● Source data
lemma frob_inner_outer_vec:
  "frob_inner (Suc q) (outer 1 (vec_tensor u) A) Y = frob_inner q A (contr Y u)"
proof -
  have "frob_inner (Suc q) (outer 1 (vec_tensor u) A) Y =
      (\<Sum>i\<in>UNIV. \<Sum>ws\<in>{ws. length ws = q}. A ws * (u $ i * Y (i # ws)))"
    by (simp add: frob_inner_def sum_lists_length_Suc outer_def vec_tensor_def mult_ac)
  also have "\<dots> = frob_inner q A (contr Y u)"
    by (subst sum.swap) (simp add: frob_inner_def contr_def sum_distrib_left)
  finally show ?thesis .
qed

lemma frob_inner_self_pos:
  assumes "is_tensor p Y" "Y \<noteq> (\<lambda>_. 0)"
  shows "frob_inner p Y Y > 0"
proof -
  obtain zs where "Y zs \<noteq> 0" using assms(2) by auto
  moreover from this have "length zs = p" using assms(1) by (auto simp: is_tensor_def)
  ultimately show ?thesis
    unfolding frob_inner_def
    by (intro sum_pos2[of _ zs]) (auto simp: finite_lists_length zero_less_mult_iff)
qed

lemma frob_norm_less_tadd:
  assumes "frob_inner p X Y = 0" "is_tensor p Y" "Y \<noteq> (\<lambda>_. 0)"
  shows "frob_norm p X < frob_norm p (tadd X Y)"
proof -
  have "frob_inner p (tadd X Y) (tadd X Y) =
      frob_inner p X X + 2 * frob_inner p X Y + frob_inner p Y Y"
    by (simp add: frob_inner_def tadd_def algebra_simps sum.distrib sum_distrib_left)
  then have "frob_inner p (tadd X Y) (tadd X Y) = frob_inner p X X + frob_inner p Y Y"
    using assms(1) by simp
  with frob_inner_self_pos[OF assms(2,3)] show ?thesis
    by (simp add: frob_norm_def frob_inner_def power2_eq_square)
qed

section \<open>Recovering the factor \<open>A\<close> from \<open>P\<^sub>s\<^sub>y\<^sub>m(A \<otimes> v)[s]\<close>\<close>

lemma teval_replicate_shift_contr_zero:
  assumes "sym_tensor (Suc q) X" "contr X s = (\<lambda>_. 0)"
  shows "teval X (replicate (Suc q) (x + t *\<^sub>R s)) = teval X (replicate (Suc q) x)"
proof -
  have s_first: "teval X (s # ys) = 0" for ys
    using teval_contr[of X s ys] by (simp add: assms(2) teval_zero del: teval.simps)
  have "teval X (replicate (Suc q) (x + t *\<^sub>R s)) =
      (\<Sum>l\<le>Suc q. (real (Suc q choose l) * teval X (replicate l s @ replicate (Suc q - l) x)) * t ^ l)"
    by (rule sym_tensor_binomial[OF assms(1)])
  also have "\<dots> = teval X (replicate (Suc q) x)"
    by (subst sum.atMost_Suc_shift) (simp add: s_first del: teval.simps)
  finally show ?thesis .
qed

lemma teval_replicate_zero_if_cofinite_shifts:
  assumes "sym_tensor q A" "finite F"
    and "\<And>t. t \<notin> F \<Longrightarrow> teval A (replicate q (x + t *\<^sub>R s)) = 0"
  shows "teval A (replicate q x) = 0"
proof -
  define c where "c l = real (q choose l) * teval A (replicate l s @ replicate (q - l) x)" for l
  have "{t. (\<Sum>l\<le>q. c l * t ^ l) = 0} \<supseteq> - F"
    using assms(3) sym_tensor_binomial[OF assms(1), of x _ s] by (auto simp: c_def)
  moreover have "infinite (- F :: real set)"
    using assms(2) by (simp add: Compl_eq_Diff_UNIV infinite_UNIV_char_0)
  ultimately have "infinite {t. (\<Sum>l\<le>q. c l * t ^ l) = 0}"
    using infinite_super by blast
  then have "c 0 = 0"
    using polyfun_finite_roots[of c q] by auto
  then show ?thesis by (simp add: c_def)
qed

lemma Psym_outer_vec_contr_eq_zero:
  assumes "sym_tensor q A" "v \<bullet> s \<noteq> 0"
    and "contr (Psym (Suc q) (outer q A (vec_tensor v))) s = (\<lambda>_. 0)"
  shows "A = (\<lambda>_. 0)"
proof (rule sym_tensor_eq_zeroI_diag[OF assms(1)])
  let ?f = "\<lambda>z. teval A (replicate q z)"
  have shift: "?f (x + t *\<^sub>R s) * (v \<bullet> x + t * (v \<bullet> s)) = ?f x * (v \<bullet> x)" for x t
    using teval_replicate_shift_contr_zero[OF sym_Psym assms(3), of x t]
    by (simp add: teval_Psym_outer_vec_replicate inner_add_right del: teval.simps replicate.simps)
  have diag_zero: "?f x * (v \<bullet> x) = 0" for x
    using shift[of x "- (v \<bullet> x) / (v \<bullet> s)"] assms(2) by simp
  have off_line: "?f (x + t *\<^sub>R s) = 0" if "t \<notin> {- (v \<bullet> x) / (v \<bullet> s)}" for x t
  proof -
    have "t * (v \<bullet> s) \<noteq> - (v \<bullet> x)"
      using that assms(2) by (simp add: field_simps)
    then have "v \<bullet> (x + t *\<^sub>R s) \<noteq> 0"
      by (simp add: inner_add_right add_eq_0_iff2)
    then show ?thesis using diag_zero[of "x + t *\<^sub>R s"] by simp
  qed
  show "?f x = 0" for x
    by (rule teval_replicate_zero_if_cofinite_shifts[OF assms(1), of "{- (v \<bullet> x) / (v \<bullet> s)}" _ s])
      (simp_all add: off_line)
qed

● Problem details
A single figure is required: the number of lines in the entries above that include the word "subst".

● Result below
2